# Trading with the trend



## pavilion103 (28 September 2011)

I often read a lot about trading with the trend and I have a couple of questions:

1. What constitutes a change of trend (say, from downtrend to uptrend). I know this may be a little subjective. But what do people use? a higher bottom? a percentage movement from the bottom? accumulation in the background?

2. Do people trade with trend filters? For example, only shorts while the ALL ORDS is in a downtrend as it is at the moment? Or only a certain percentage of longs allowed?


----------



## Billyb (29 September 2011)

pavilion103 said:


> I often read a lot about trading with the trend and I have a couple of questions:
> 
> 1. What constitutes a change of trend (say, from downtrend to uptrend). I know this may be a little subjective. But what do people use? a higher bottom? a percentage movement from the bottom? accumulation in the background?
> 
> 2. Do people trade with trend filters? For example, only shorts while the ALL ORDS is in a downtrend as it is at the moment? Or only a certain percentage of longs allowed?




1. Most of the pro trend traders Eg Ed Seykota, Bill Dunn etc would probably say a similar thing. They don't know where the trends gonna go, there is no way to tell, so the only option is to try them all.

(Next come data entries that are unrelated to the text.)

(* Let $B\in\mathcal O_{\widetilde{\mathfrak a}}$ be a simple $\widetilde{\mathfrak a}$-module. (1) $\mathrm{ord}_{\widetilde{\mathfrak a}}(B)=\mathrm{ord}_{\widetilde{\mathfrak a}}(v)$ for all $0\ne v\in B$, and there exists $(r,s)\in\mathbb Z_+^2$ such that $\mathcal L^{(r,s)}B=0$. (2) If $\mathrm{ord}_{\widetilde{\mathfrak a}}(B)=0$, then $B$ is a simple $\mathfrak a$-module. (3) If $r=\mathrm{ord}_{\widetilde{\mathfrak a}}(B)>0$, then $I_{r-1}$ acts bijectively on $B$.
   Context: In the Lie algebra with basis $\{d_n=t^{n+1}\frac{d}{dt},I_n=t^n\}$ (brackets $[d_n,d_m]=(m-n)d_{m+n}$, $[d_n,I_m]=mI_{m+n}$, $[I_n,I_m]=0$ for the indices used here), let $\mathfrak a=\mathrm{span}\{d_i\mid i\ge0\}$, $\widetilde{\mathfrak a}=\mathrm{span}\{d_i,I_i\mid i\ge0\}$, and $\mathcal L^{(r,s)}=\mathrm{span}\{I_{r+i},d_{s+i}\mid i\ge0\}$. $\mathcal O_{\widetilde{\mathfrak a}}$ is the category of $\widetilde{\mathfrak a}$-modules $V$ such that for each $v\in V$ there is $n>0$ with $d_iv=I_iv=0$ for all $i\ge n$. For $0\ne v\in B$, $\mathrm{ord}_{\widetilde{\mathfrak a}}(v)$ is the minimal $r\in\mathbb Z_+$ with $I_{r+i}v=0$ for all $i\ge0$, and $\mathrm{ord}_{\widetilde{\mathfrak a}}(B)$ is the maximum of the orders of its nonzero elements ($\infty$ if it does not exist). *)

theory Defs
  imports Main "HOL-Library.Extended_Nat"
begin

text \<open>A module over the Lie algebra  atilde = span{d_i, I_i | i >= 0}  (over the complex
numbers) on the vector space carried by the type 'v with scalar multiplication sc.\<close>

definition atilde_module ::
  "(complex \<Rightarrow> 'v::ab_group_add \<Rightarrow> 'v) \<Rightarrow> (nat \<Rightarrow> 'v \<Rightarrow> 'v) \<Rightarrow> (nat \<Rightarrow> 'v \<Rightarrow> 'v) \<Rightarrow> bool" where
  "atilde_module sc d I \<longleftrightarrow>
     vector_space sc \<and>
     (\<forall>n. Vector_Spaces.linear sc sc (d n)) \<and> (\<forall>n. Vector_Spaces.linear sc sc (I n)) \<and>
     (\<forall>n m v. d n (d m v) - d m (d n v) = sc (of_int (int m - int n)) (d (m + n) v)) \<and>
     (\<forall>n m v. d n (I m v) - I m (d n v) = sc (of_nat m) (I (m + n) v)) \<and>
     (\<forall>n m v. I n (I m v) - I m (I n v) = 0)"

definition in_O_atilde :: "(nat \<Rightarrow> 'v::zero \<Rightarrow> 'v) \<Rightarrow> (nat \<Rightarrow> 'v \<Rightarrow> 'v) \<Rightarrow> bool" where
  "in_O_atilde d I \<longleftrightarrow> (\<forall>v. \<exists>n>0. \<forall>i\<ge>n. d i v = 0 \<and> I i v = 0)"

text \<open>Submodule for the subalgebra spanned by the operators in the family ops.\<close>
definition is_submodule ::
  "(complex \<Rightarrow> 'v::ab_group_add \<Rightarrow> 'v) \<Rightarrow> ('v \<Rightarrow> 'v) set \<Rightarrow> 'v set \<Rightarrow> bool" where
  "is_submodule sc ops W \<longleftrightarrow> module.subspace sc W \<and> (\<forall>f\<in>ops. \<forall>w\<in>W. f w \<in> W)"

definition simple_module ::
  "(complex \<Rightarrow> 'v::ab_group_add \<Rightarrow> 'v) \<Rightarrow> ('v \<Rightarrow> 'v) set \<Rightarrow> bool" where
  "simple_module sc ops \<longleftrightarrow> (UNIV :: 'v set) \<noteq> {0} \<and>
     (\<forall>W. is_submodule sc ops W \<longrightarrow> W = {0} \<or> W = UNIV)"

definition ord_vec :: "(nat \<Rightarrow> 'v::zero \<Rightarrow> 'v) \<Rightarrow> 'v \<Rightarrow> nat" where
  "ord_vec I v = (LEAST r. \<forall>i. I (r + i) v = 0)"

definition ord_mod :: "(nat \<Rightarrow> 'v::zero \<Rightarrow> 'v) \<Rightarrow> enat" where
  "ord_mod I = (if \<exists>m. m \<in> ord_vec I ` {v. v \<noteq> 0} \<and> (\<forall>k\<in>ord_vec I ` {v. v \<noteq> 0}. k \<le> m)
               then enat (GREATEST m. m \<in> ord_vec I ` {v. v \<noteq> 0}) else \<infinity>)"

end

theory Submission
  imports Defs
begin

text \<open>Every operator of the Lie algebra commutes with the action up to terms
  \<open>[d\<^sub>j, I\<^sub>m] = m I\<^sub>m\<^sub>+\<^sub>j\<close>, \<open>[d\<^sub>j, d\<^sub>m] = (m - j) d\<^sub>m\<^sub>+\<^sub>j\<close> that only raise the index.
  Hence the common kernel of a tail \<open>I\<^sub>r, I\<^sub>r\<^sub>+\<^sub>1, \<dots>\<close> is a submodule, and by simplicity
  it is everything as soon as it contains one nonzero vector: all nonzero vectors have
  the same order \<open>r\<close>. Once \<open>I\<^sub>r\<^sub>+\<^sub>i B = 0\<close>, the same argument applies to the tail
  \<open>d\<^sub>s, d\<^sub>s\<^sub>+\<^sub>1, \<dots>\<close> for \<open>s \<ge> r\<close>, and to the kernel and the image of \<open>I\<^sub>r\<^sub>-\<^sub>1\<close>, which
  commutes with the action modulo the scalar \<open>(r-1) I\<^sub>r\<^sub>-\<^sub>1\<close> coming from \<open>d\<^sub>0\<close>.
  The kernel cannot be all of \<open>B\<close> by minimality of \<open>r\<close>, and the image is nonzero,
  so \<open>I\<^sub>r\<^sub>-\<^sub>1\<close> is bijective.\<close>

lemma I_ord_vec:
  assumes "in_O_atilde d I"
  shows "I (ord_vec I v + i) v = 0"
proof -
  obtain n where "\<forall>i\<ge>n. d i v = 0 \<and> I i v = 0"
    using assms unfolding in_O_atilde_def by blast
  then have "\<exists>r. \<forall>i. I (r + i) v = 0" by (intro exI[of _ n]) simp
  then show ?thesis
    unfolding ord_vec_def by (rule LeastI2_ex) blast
qed

lemma ord_vec_le: "(\<And>i. I (k + i) v = 0) \<Longrightarrow> ord_vec I v \<le> k"
  unfolding ord_vec_def by (rule Least_le) blast

locale atilde_rep =
  fixes sc :: "complex \<Rightarrow> 'v::ab_group_add \<Rightarrow> 'v"
    and d I :: "nat \<Rightarrow> 'v \<Rightarrow> 'v"
  assumes atilde_module: "atilde_module sc d I"
begin

abbreviation submodule :: "'v set \<Rightarrow> bool" where
  "submodule \<equiv> is_submodule sc (range d \<union> range I)"

lemma module: "module sc"
  using atilde_module by (simp add: atilde_module_def module_iff_vector_space)

lemma module_hom_d: "module_hom sc sc (d n)"
  and module_hom_I: "module_hom sc sc (I n)"
  using atilde_module by (simp_all add: atilde_module_def module_hom_iff_linear)

lemma d_zero [simp]: "d n 0 = 0"
  and I_zero [simp]: "I n 0 = 0"
  and scale_zero [simp]: "sc c 0 = 0"
  using module_hom.zero[OF module_hom_d] module_hom.zero[OF module_hom_I]
    module.scale_zero_right[OF module] by auto

lemma d_d_commute: "d n (d m v) = d m (d n v) + sc (of_int (int m - int n)) (d (m + n) v)"
proof -
  have "d n (d m v) - d m (d n v) = sc (of_int (int m - int n)) (d (m + n) v)"
    using atilde_module unfolding atilde_module_def by blast
  then show ?thesis by (simp add: diff_eq_eq add.commute)
qed

lemma d_I_commute: "d n (I m v) = I m (d n v) + sc (of_nat m) (I (m + n) v)"
proof -
  have "d n (I m v) - I m (d n v) = sc (of_nat m) (I (m + n) v)"
    using atilde_module unfolding atilde_module_def by blast
  then show ?thesis by (simp add: diff_eq_eq add.commute)
qed

lemma I_I_commute: "I n (I m v) = I m (I n v)"
proof -
  have "I n (I m v) - I m (I n v) = 0"
    using atilde_module unfolding atilde_module_def by blast
  then show ?thesis by simp
qed

lemma submoduleI:
  assumes "module.subspace sc W"
    and "\<And>j w. w \<in> W \<Longrightarrow> d j w \<in> W" and "\<And>j w. w \<in> W \<Longrightarrow> I j w \<in> W"
  shows "submodule W"
  using assms unfolding is_submodule_def by blast

lemma subspace_common_kernel:
  assumes "\<And>i. module_hom sc sc (f i)"
  shows "module.subspace sc {w. \<forall>i. f i w = 0}"
  using module_hom.add[OF assms] module_hom.scale[OF assms] module_hom.zero[OF assms]
  by (auto simp: module.subspace_def[OF module])

lemma submodule_I_tail_kernel: "submodule {w. \<forall>i. I (r + i) w = 0}"
proof (rule submoduleI)
  show "module.subspace sc {w. \<forall>i. I (r + i) w = 0}"
    by (rule subspace_common_kernel[OF module_hom_I])
next
  fix j w assume w: "w \<in> {w. \<forall>i. I (r + i) w = 0}"
  show "I j w \<in> {w. \<forall>i. I (r + i) w = 0}"
    using w by (simp add: I_I_commute)
  have "I (r + i) (d j w) = 0" for i
    using d_I_commute[of j "r + i" w] w by (simp add: add.assoc)
  then show "d j w \<in> {w. \<forall>i. I (r + i) w = 0}" by simp
qed

lemma submodule_d_tail_kernel:
  assumes I_tail: "\<And>i w. I (r + i) w = 0" and "r \<le> s"
  shows "submodule {w. \<forall>i. d (s + i) w = 0}"
proof (rule submoduleI)
  show "module.subspace sc {w. \<forall>i. d (s + i) w = 0}"
    by (rule subspace_common_kernel[OF module_hom_d])
next
  fix j w assume w: "w \<in> {w. \<forall>i. d (s + i) w = 0}"
  have "d (s + i) (d j w) = 0" for i
    using w d_d_commute[of "s + i" j w] w[simplified, rule_format, of "j + i"]
    by (simp add: add.left_commute)
  then show "d j w \<in> {w. \<forall>i. d (s + i) w = 0}" by simp
  have "I (j + (s + i)) w = 0" for i
    using I_tail[of "j + (s + i) - r" w] \<open>r \<le> s\<close> by simp
  then have "d (s + i) (I j w) = 0" for i
    using d_I_commute[of "s + i" j w] w by simp
  then show "I j w \<in> {w. \<forall>i. d (s + i) w = 0}" by simp
qed

lemma I_above_vanishes:
  assumes I_tail: "\<And>i w. I (Suc p + i) w = 0"
  shows "I (p + j) w = (if j = 0 then I p w else 0)"
  using I_tail[of "j - 1" w] by (cases j) simp_all

lemma submodule_kernel_I:
  assumes "\<And>i w. I (Suc p + i) w = 0"
  shows "submodule {w. I p w = 0}"
proof (rule submoduleI)
  show "module.subspace sc {w. I p w = 0}"
    using subspace_common_kernel[of "\<lambda>_. I p"] module_hom_I by simp
next
  fix j w assume w: "w \<in> {w. I p w = 0}"
  then show "I j w \<in> {w. I p w = 0}"
    by (simp add: I_I_commute)
  have "I (p + j) w = 0"
    using w I_above_vanishes[OF assms, of j w] by simp
  then show "d j w \<in> {w. I p w = 0}"
    using w d_I_commute[of j p w] by simp
qed

lemma submodule_range_I:
  assumes "\<And>i w. I (Suc p + i) w = 0"
  shows "submodule (range (I p))"
proof (rule submoduleI)
  show "module.subspace sc (range (I p))"
    using module_hom.subspace_image[OF module_hom_I module.subspace_UNIV[OF module]] .
next
  fix j w assume "w \<in> range (I p)"
  then obtain x where x: "w = I p x" by blast
  then show "I j w \<in> range (I p)"
    by (metis I_I_commute rangeI)
  have "d j w = I p (d j x + (if j = 0 then sc (of_nat p) x else 0))"
    using d_I_commute[of j p x] I_above_vanishes[OF assms, of j x] x
      module_hom.add[OF module_hom_I] module_hom.scale[OF module_hom_I]
    by simp
  then show "d j w \<in> range (I p)" by blast
qed

end

locale simple_atilde_rep_O = atilde_rep sc d I
  for sc :: "complex \<Rightarrow> 'v::ab_group_add \<Rightarrow> 'v" and d I +
  assumes in_O: "in_O_atilde d I"
    and simple: "simple_module sc (range d \<union> range I)"
begin

lemma exists_nonzero: "\<exists>v. v \<noteq> (0::'v)"
  using simple by (auto simp: simple_module_def)

lemma submodule_eq_UNIV:
  assumes "submodule W" and "v \<in> W" and "v \<noteq> 0"
  shows "W = UNIV"
  using assms simple unfolding simple_module_def by blast

lemma I_ord_vec_annihilates:
  assumes "v \<noteq> 0"
  shows "I (ord_vec I v + i) w = 0"
  using submodule_eq_UNIV[OF submodule_I_tail_kernel _ assms] I_ord_vec[OF in_O] by blast

lemma ord_vec_eq:
  assumes "u \<noteq> 0" and "v \<noteq> 0"
  shows "ord_vec I u = ord_vec I v"
  by (intro antisym ord_vec_le I_ord_vec_annihilates assms)

lemma ord_mod_eq_ord_vec:
  assumes "v \<noteq> 0"
  shows "ord_mod I = enat (ord_vec I v)"
proof -
  have "ord_vec I ` {v. v \<noteq> 0} = {ord_vec I v}"
    using ord_vec_eq assms by blast
  then show ?thesis
    unfolding ord_mod_def by (simp add: Greatest_equality)
qed

lemma d_I_tails_annihilate: "\<exists>r s. \<forall>i v. I (r + i) v = 0 \<and> d (s + i) v = 0"
proof -
  obtain v :: 'v where v: "v \<noteq> 0" using exists_nonzero by blast
  define r where "r = ord_vec I v"
  obtain n where n: "\<forall>i\<ge>n. d i v = 0"
    using in_O unfolding in_O_atilde_def by blast
  have I_tail: "I (r + i) w = 0" for i w
    unfolding r_def using I_ord_vec_annihilates[OF v] .
  have "v \<in> {w. \<forall>i. d (max r n + i) w = 0}"
    using n by simp
  then have "{w. \<forall>i. d (max r n + i) w = 0} = UNIV"
    using submodule_eq_UNIV[OF submodule_d_tail_kernel[OF I_tail] _ v] by simp
  then show ?thesis using I_tail by blast
qed

lemma simple_module_d_if_ord_mod_zero:
  assumes "ord_mod I = 0"
  shows "simple_module sc (range d)"
  unfolding simple_module_def
proof (intro conjI allI impI)
  obtain v :: 'v where v: "v \<noteq> 0" using exists_nonzero by blast
  then have "ord_vec I v = 0"
    using assms ord_mod_eq_ord_vec by (simp add: zero_enat_def)
  then have I_vanishes: "I i w = 0" for i w
    using I_ord_vec_annihilates[OF v, of i w] by simp
  show "(UNIV :: 'v set) \<noteq> {0}"
    using v by blast
  fix W assume "is_submodule sc (range d) W"
  moreover then have "0 \<in> W"
    by (simp add: is_submodule_def module.subspace_def[OF module])
  ultimately have "submodule W"
    using I_vanishes unfolding is_submodule_def by auto
  then show "W = {0} \<or> W = UNIV"
    using simple by (simp add: simple_module_def)
qed

lemma bij_I_pred_ord_mod:
  assumes "ord_mod I = enat (Suc p)"
  shows "bij (I p)"
proof -
  obtain v :: 'v where v: "v \<noteq> 0" using exists_nonzero by blast
  have ord_v: "ord_vec I v = Suc p"
    using assms ord_mod_eq_ord_vec[OF v] by simp
  have I_tail: "I (Suc p + i) w = 0" for i w
    using I_ord_vec_annihilates[OF v, of i w] unfolding ord_v .
  have kernel: "{w. I p w = 0} = {0}"
  proof (rule ccontr)
    assume "{w. I p w = 0} \<noteq> {0}"
    then obtain u where "u \<noteq> 0" "I p u = 0"
      using I_zero by blast
    then have "{w. I p w = 0} = UNIV"
      using submodule_eq_UNIV[OF submodule_kernel_I[OF I_tail]] by blast
    then have "I (p + i) v = 0" for i
      using I_above_vanishes[OF I_tail, of i v] by auto
    then have "ord_vec I v \<le> p"
      by (rule ord_vec_le)
    then show False using ord_v by simp
  qed
  then have inj: "inj (I p)"
    using module_hom.inj_iff_eq_0[OF module_hom_I] by blast
  then have "I p v \<noteq> 0"
    using v injD[OF inj, of v 0] by auto
  then have "surj (I p)"
    using submodule_eq_UNIV[OF submodule_range_I[OF I_tail]] by blast
  with inj show ?thesis by (rule bijI)
qed

end

theorem lemma28:
  fixes sc :: "complex \<Rightarrow> 'v::ab_group_add \<Rightarrow> 'v"
    and d I :: "nat \<Rightarrow> 'v \<Rightarrow> 'v"
  assumes mod: "atilde_module sc d I"
    and O: "in_O_atilde d I"
    and simple: "simple_module sc (range d \<union> range I)"
  shows "(\<forall>v. v \<noteq> 0 \<longrightarrow> ord_mod I = enat (ord_vec I v))
       \<and> (\<exists>r s. \<forall>i v. I (r + i) v = 0 \<and> d (s + i) v = 0)
       \<and> (ord_mod I = 0 \<longrightarrow> simple_module sc (range d))
       \<and> (\<forall>r. ord_mod I = enat r \<and> r > 0 \<longrightarrow> bij (I (r - 1)))"
proof -
  interpret simple_atilde_rep_O sc d I
    using assms by unfold_locales simp_all
  show ?thesis
  proof (intro conjI allI impI)
    show "ord_mod I = enat (ord_vec I v)" if "v \<noteq> 0" for v
      using that by (rule ord_mod_eq_ord_vec)
    show "\<exists>r s. \<forall>i v. I (r + i) v = 0 \<and> d (s + i) v = 0"
      by (rule d_I_tails_annihilate)
    show "simple_module sc (range d)" if "ord_mod I = 0"
      using that by (rule simple_module_d_if_ord_mod_zero)
    show "bij (I (r - 1))" if "ord_mod I = enat r \<and> r > 0" for r
      using that bij_I_pred_ord_mod[of "r - 1"] by simp
  qed
qed

end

This is pretty much what trend traders do, just jump on every ride, most of them will run out of fuel quickly, but there'll be a few each year that run on rocket fuel - and those are the ones that make the money. So to answer your question, I don't think it's possible to tell when the trend will change.

2. I think its a good idea


----------



## tech/a (29 September 2011)

How do you profit without being in a trend?
Even an Arb trade needs to revert either up or down to the equilibrium.
It will have to move in a direction----trend.

In any longterm trend there is counter trends
An alteration to a trend maybe valid in one timeframe and not in another.
Counter trends often move in the opposite direction to the primary trend.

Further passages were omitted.